For Data Science and AI-oriented profiles, obviously, math and statistics are a good foundation. But if you start straight in a Data Science job, you might have these skills anyway. Then you can choose to be more on the business and impact side (learn some “Analyst” topics) or want to potentially deploy your own work (“ML Engineer” topics). Get an understanding of why scheduling your Jupyter Notebook to run every night might not be a good idea.
What NOT to learn (and why)
Skip R
You might stumble into R if you look into data science or analytics, especially since it comes from academia. My advice? Don't bother.
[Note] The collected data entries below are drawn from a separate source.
lemma pos_def_on_gram:
  fixes f :: "'i \<Rightarrow> 'a \<Rightarrow> real"
  assumes "finite I" "\<Omega> \<in> sets M" "emeasure M \<Omega> < \<infinity>"
    and "set_borel_measurable M \<Omega> \<mu>" "\<forall>x\<in>\<Omega>. \<bar>\<mu> x\<bar> \<le> B"
    and "AE x in M. x \<in> \<Omega> \<longrightarrow> \<mu> x > 0"
    and "\<And>k. f k \<in> borel_measurable M" "\<And>k x. x \<in> \<Omega> \<Longrightarrow> \<bar>f k x\<bar> \<le> K"
    and independent: "\<And>v. AE x in M. x \<in> \<Omega> \<longrightarrow> (\<Sum>k\<in>I. v k * f k x) = 0 \<Longrightarrow> \<forall>k\<in>I. v k = 0"
  shows "pos_def_on I (\<lambda>k l. LINT x:\<Omega>|M. \<mu> x * (f k x * f l x))"
  unfolding pos_def_on_def
proof (intro allI impI)
  fix v :: "'i \<Rightarrow> real" assume "\<exists>k\<in>I. v k \<noteq> 0"
  define F where "F x = (\<Sum>k\<in>I. v k * f k x)" for x
  have "\<bar>f k x * f l x\<bar> \<le> K * K" if "x \<in> \<Omega>" for k l x
    unfolding abs_mult using assms(8)[OF that] by (meson abs_ge_zero mult_mono order_trans)
  then have "set_integrable M \<Omega> (\<lambda>x. \<mu> x * (f k x * f l x))" for k l
    using assms(2-5,7) by (intro set_integrable_bounded_mult) auto
  then have Q: "(\<Sum>k\<in>I. \<Sum>l\<in>I. v k * (LINT x:\<Omega>|M. \<mu> x * (f k x * f l x)) * v l)
      = (LINT x:\<Omega>|M. \<mu> x * (F x)\<^sup>2)"
    unfolding F_def by (rule gram_quadratic_form[OF assms(1)])
  have "\<bar>F x\<bar> \<le> (\<Sum>k\<in>I. \<bar>v k\<bar> * K)" if "x \<in> \<Omega>" for x
    unfolding F_def using assms(8)[OF that]
    by (intro order_trans[OF sum_abs] sum_mono) (simp add: abs_mult mult_left_mono)
  then have "\<bar>(F x)\<^sup>2\<bar> \<le> (\<Sum>k\<in>I. \<bar>v k\<bar> * K)\<^sup>2" if "x \<in> \<Omega>" for x
    using that power_mono[of "\<bar>F x\<bar>" _ 2] by simp
  then have "set_integrable M \<Omega> (\<lambda>x. \<mu> x * (F x)\<^sup>2)"
    unfolding F_def using assms(2-5,7) by (intro set_integrable_bounded_mult) auto
  then have int: "integrable M (\<lambda>x. indicator \<Omega> x * (\<mu> x * (F x)\<^sup>2))"
    by (simp add: set_integrable_def)
  have nonneg: "AE x in M. 0 \<le> indicator \<Omega> x * (\<mu> x * (F x)\<^sup>2)"
    using assms(6) by eventually_elim (auto simp: indicator_def)
  have "(LINT x:\<Omega>|M. \<mu> x * (F x)\<^sup>2) \<noteq> 0"
  proof
    assume "(LINT x:\<Omega>|M. \<mu> x * (F x)\<^sup>2) = 0"
    then have "AE x in M. indicator \<Omega> x * (\<mu> x * (F x)\<^sup>2) = 0"
      using integral_nonneg_eq_0_iff_AE[OF int nonneg] by (simp add: set_lebesgue_integral_def)
    then have "AE x in M. x \<in> \<Omega> \<longrightarrow> F x = 0"
      using assms(6) by eventually_elim (auto simp: indicator_def)
    with independent \<open>\<exists>k\<in>I. v k \<noteq> 0\<close> show False unfolding F_def by blast
  qed
  moreover have "(LINT x:\<Omega>|M. \<mu> x * (F x)\<^sup>2) \<ge> 0"
    unfolding set_lebesgue_integral_def using integral_nonneg_AE[OF nonneg] by simp
  ultimately show "(\<Sum>k\<in>I. \<Sum>l\<in>I. v k * (LINT x:\<Omega>|M. \<mu> x * (f k x * f l x)) * v l) > 0"
    unfolding Q by linarith
qed
(* Let $d\ge2$ and $r,s\ge1$ be integers, and $a_1,\dots,a_d,a'_1,\dots,a'_d\in k$. Let $\widetilde X(d,r)\subset\mathbb{A}^3=\mathrm{Spec}\,k[x,y,z]$ be the hypersurface $x^rz+(y^d+a_1xy^{d-1}+\dots+a_{d-1}x^{d-1}y+a_dx^d)=1$ and $\widetilde X'(d,s)$ the hypersurface $x^sz+(y^d+a'_1xy^{d-1}+\dots+a'_{d-1}x^{d-1}y+a'_dx^d)=1$. Let $W(d,r,s)$ be the variety obtained by gluing $d$ copies $\{\omega\}\times\mathbb{A}^3$ ($\omega\in H(d)$) of $\mathbb{A}^3$ with coordinates $(x,c_1,c_2)$ via the identifications, for $x\neq0$, $(\omega,x,c_1,c_2)\sim\left(\lambda,x,\,c_1+\frac{p_\omega(x)-p_\lambda(x)}{x^r},\,c_2+\frac{p'_\omega(x)-p'_\lambda(x)}{x^s}\right)$. Then there are isomorphisms $\widetilde X(d,r)\times\mathbb{A}^1\cong W(d,r,s)\cong\widetilde X'(d,s)\times\mathbb{A}^1$.
   Context: Work over an algebraically closed field $k$ of characteristic zero. $H(d)$ denotes the group of $d$-th roots of unity in $k$. For $\omega\in H(d)$, $p_\omega(x)\in k[x]$ is the unique polynomial of degree $\le r-1$ with $p_\omega(0)=\omega$ such that there is $q_\omega(x)\in k[x]$ with $x^rq_\omega(x)+p_\omega(x)^d+a_1xp_\omega(x)^{d-1}+\dots+a_{d-1}x^{d-1}p_\omega(x)+a_dx^d=1$; similarly $p'_\omega(x)$ is the unique polynomial of degree $\le s-1$ with $p'_\omega(0)=\omega$ such that $x^s$ divides $1-(p'_\omega(x)^d+a'_1xp'_\omega(x)^{d-1}+\dots+a'_dx^d)$. *)

theory Defs
  imports "HOL-Computational_Algebra.Polynomial"
begin

inductive_set polyfun :: "nat \<Rightarrow> ('a::comm_ring_1 list \<Rightarrow> 'a) set" for n where
  proj: "i < n \<Longrightarrow> (\<lambda>v. v ! i) \<in> polyfun n"
| const: "(\<lambda>v. c) \<in> polyfun n"
| add: "f \<in> polyfun n \<Longrightarrow> g \<in> polyfun n \<Longrightarrow> (\<lambda>v. f v + g v) \<in> polyfun n"
| mult: "f \<in> polyfun n \<Longrightarrow> g \<in> polyfun n \<Longrightarrow> (\<lambda>v. f v * g v) \<in> polyfun n"

definition H :: "nat \<Rightarrow> 'a::field set" where
  "H d = {w. w ^ d = 1}"

definition Fsub :: "nat \<Rightarrow> (nat \<Rightarrow> 'a::field) \<Rightarrow> 'a poly \<Rightarrow> 'a poly" where
  "Fsub d a p = p ^ d + (\<Sum>i=1..d. smult (a i) (monom 1 i * p ^ (d - i)))"

definition pw :: "nat \<Rightarrow> (nat \<Rightarrow> 'a::field) \<Rightarrow> nat \<Rightarrow> 'a \<Rightarrow> 'a poly" where
  "pw d a r w = (THE p. degree p \<le> r - 1 \<and> poly p 0 = w \<and> monom 1 r dvd (1 - Fsub d a p))"

definition Xt :: "nat \<Rightarrow> nat \<Rightarrow> (nat \<Rightarrow> 'a::field) \<Rightarrow> 'a list set" where
  "Xt d r a = {[x, y, z] | x y z.
      x ^ r * z + (y ^ d + (\<Sum>i=1..d. a i * x ^ i * y ^ (d - i))) = 1}"

text \<open>Product with the affine line: append one free coordinate.\<close>
definition cyl :: "'a list set \<Rightarrow> 'a list set" where
  "cyl S = {v @ [t] | v t. v \<in> S}"

definition glue_rel :: "nat \<Rightarrow> nat \<Rightarrow> nat \<Rightarrow> (nat \<Rightarrow> 'a::field) \<Rightarrow> (nat \<Rightarrow> 'a)
    \<Rightarrow> (('a \<times> 'a list) \<times> ('a \<times> 'a list)) set" where
  "glue_rel d r s a a' = {((w, [x, c1, c2]), (l, [x', c1', c2'])) | w l x c1 c2 x' c1' c2'.
      w \<in> H d \<and> l \<in> H d \<and> x' = x \<and>
      ((w = l \<and> c1' = c1 \<and> c2' = c2) \<or>
       (x \<noteq> 0 \<and> c1' = c1 + (poly (pw d a r w) x - poly (pw d a r l) x) / x ^ r
               \<and> c2' = c2 + (poly (pw d a' s w) x - poly (pw d a' s l) x) / x ^ s))}"

definition Wpts :: "nat \<Rightarrow> nat \<Rightarrow> nat \<Rightarrow> (nat \<Rightarrow> 'a::field) \<Rightarrow> (nat \<Rightarrow> 'a)
    \<Rightarrow> ('a \<times> 'a list) set set" where
  "Wpts d r s a a' = (H d \<times> {v. length v = 3}) // glue_rel d r s a a'"

definition Wcls :: "nat \<Rightarrow> nat \<Rightarrow> nat \<Rightarrow> (nat \<Rightarrow> 'a::field) \<Rightarrow> (nat \<Rightarrow> 'a)
    \<Rightarrow> 'a \<Rightarrow> 'a list \<Rightarrow> ('a \<times> 'a list) set" where
  "Wcls d r s a a' w v = glue_rel d r s a a' `` {(w, v)}"

text \<open>Morphism from a (quasi-)affine variety S in A^n to W: locally (on basic opens
  h \<noteq> 0 around each point) it lands in one chart with regular coordinates g_i/h.\<close>
definition mor_to_W :: "nat \<Rightarrow> 'a list set \<Rightarrow> nat \<Rightarrow> nat \<Rightarrow> nat \<Rightarrow> (nat \<Rightarrow> 'a::field)
    \<Rightarrow> (nat \<Rightarrow> 'a) \<Rightarrow> ('a list \<Rightarrow> ('a \<times> 'a list) set) \<Rightarrow> bool" where
  "mor_to_W n S d r s a a' \<phi> \<longleftrightarrow>
     (\<forall>p\<in>S. \<exists>w\<in>H d. \<exists>h g1 g2 g3.
        h \<in> polyfun n \<and> g1 \<in> polyfun n \<and> g2 \<in> polyfun n \<and> g3 \<in> polyfun n \<and> h p \<noteq> 0 \<and>
        (\<forall>q\<in>S. h q \<noteq> 0 \<longrightarrow> \<phi> q = Wcls d r s a a' w [g1 q / h q, g2 q / h q, g3 q / h q]))"

definition mor_from_W :: "nat \<Rightarrow> 'a list set \<Rightarrow> nat \<Rightarrow> nat \<Rightarrow> nat \<Rightarrow> (nat \<Rightarrow> 'a::field)
    \<Rightarrow> (nat \<Rightarrow> 'a) \<Rightarrow> (('a \<times> 'a list) set \<Rightarrow> 'a list) \<Rightarrow> bool" where
  "mor_from_W m S d r s a a' \<psi> \<longleftrightarrow>
     \<psi> ` Wpts d r s a a' \<subseteq> S \<and>
     (\<forall>w\<in>H d. \<exists>gs. length gs = m \<and> (\<forall>g\<in>set gs. g \<in> polyfun 3) \<and>
        (\<forall>v. length v = 3 \<longrightarrow> \<psi> (Wcls d r s a a' w v) = map (\<lambda>g. g v) gs))"

definition iso_W :: "nat \<Rightarrow> 'a list set \<Rightarrow> nat \<Rightarrow> nat \<Rightarrow> nat \<Rightarrow> (nat \<Rightarrow> 'a::field)
    \<Rightarrow> (nat \<Rightarrow> 'a) \<Rightarrow> bool" where
  "iso_W n S d r s a a' \<longleftrightarrow>
     (\<exists>\<phi> \<psi>. mor_to_W n S d r s a a' \<phi> \<and> mor_from_W n S d r s a a' \<psi> \<and>
        (\<forall>p\<in>S. \<psi> (\<phi> p) = p) \<and> (\<forall>x\<in>Wpts d r s a a'. \<phi> (\<psi> x) = x))"

end

theory Submission
  imports Defs
begin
Everything you can do in R, you can do in Python*. I know data scientists who can write in both languages, but when the same package was available in both, they chose Python even when R was technically superior. Why? Python integrates better into the production stack. You can build your entire pipeline—data extraction, transformation, loading, automation—all in Python. You just installed a package instead of translating between languages.
*There might be some very particular industries where R still dominates, but in the vast majority of business settings (not academia or research!), Python rules.
Skip Spark
You might also run into people who say that a good data engineer needs to know Spark to build robust pipelines. Here, it really comes down to the organization you work in. If you work in BigTech and handle PetaBytes of data, you will need it. But the chances are not unlikely that you won’t work in Netflix, Uber or Meta.
Then simpler pipelines with less overhead in the common Cloud Datawarehouses (Snowflake, BigQuery, Databricks) will do the job perfectly fine.
Don't Get Distracted by Rust
Rust gets a lot of hype because it's super fast, and some people are amazed by its resource efficiency. But unless you're a very technical data engineer building tooling for other engineers, save your time.
If you use Polars over pandas, congratulations—you're already using Rust under the hood and maybe didn't even know it. I don't need to understand how a clock works to use it, and the same principle applies here.
For data use cases, Rust isn't necessary.
The Career-Defining Principle
Here's the most important thing I can tell you:
Technologies change, concepts don't.
Take data modeling, for example. The foundational books—Kimball and Inmon—are 30-40 years old, and their concepts are still used every day in companies worldwide. In 10 years, these concepts will still be applied, regardless of what language you're modeling your data in.
Whether you're using SQL stored procedures, Informatica, SSIS, dbt, or SQLMesh, you can apply the same fundamental concepts. This makes your career future-proof and tool-agnostic.
My rule of thumb: if old things are still used, they’re apparently quite good.
(Just applies to concepts, not technologies like floppy disks)
Focus on learning principles that have already survived specific technologies. Master the fundamentals that will serve you regardless of what shiny new tool becomes popular next month.
The Bottom Line
The data field is full of people chasing the latest technology.
Don’t do “Resume Driven Development”. Instead, focus on:
Soft skills that help you understand problems and work with people
Core technical skills (SQL + Python + Spreadsheets) that handle 95% of your needs
Fundamental concepts that remain relevant across decades and technologies
What do you think? What did I miss, or what do you disagree with? I'd love to hear your perspective on what skills actually matter in data careers.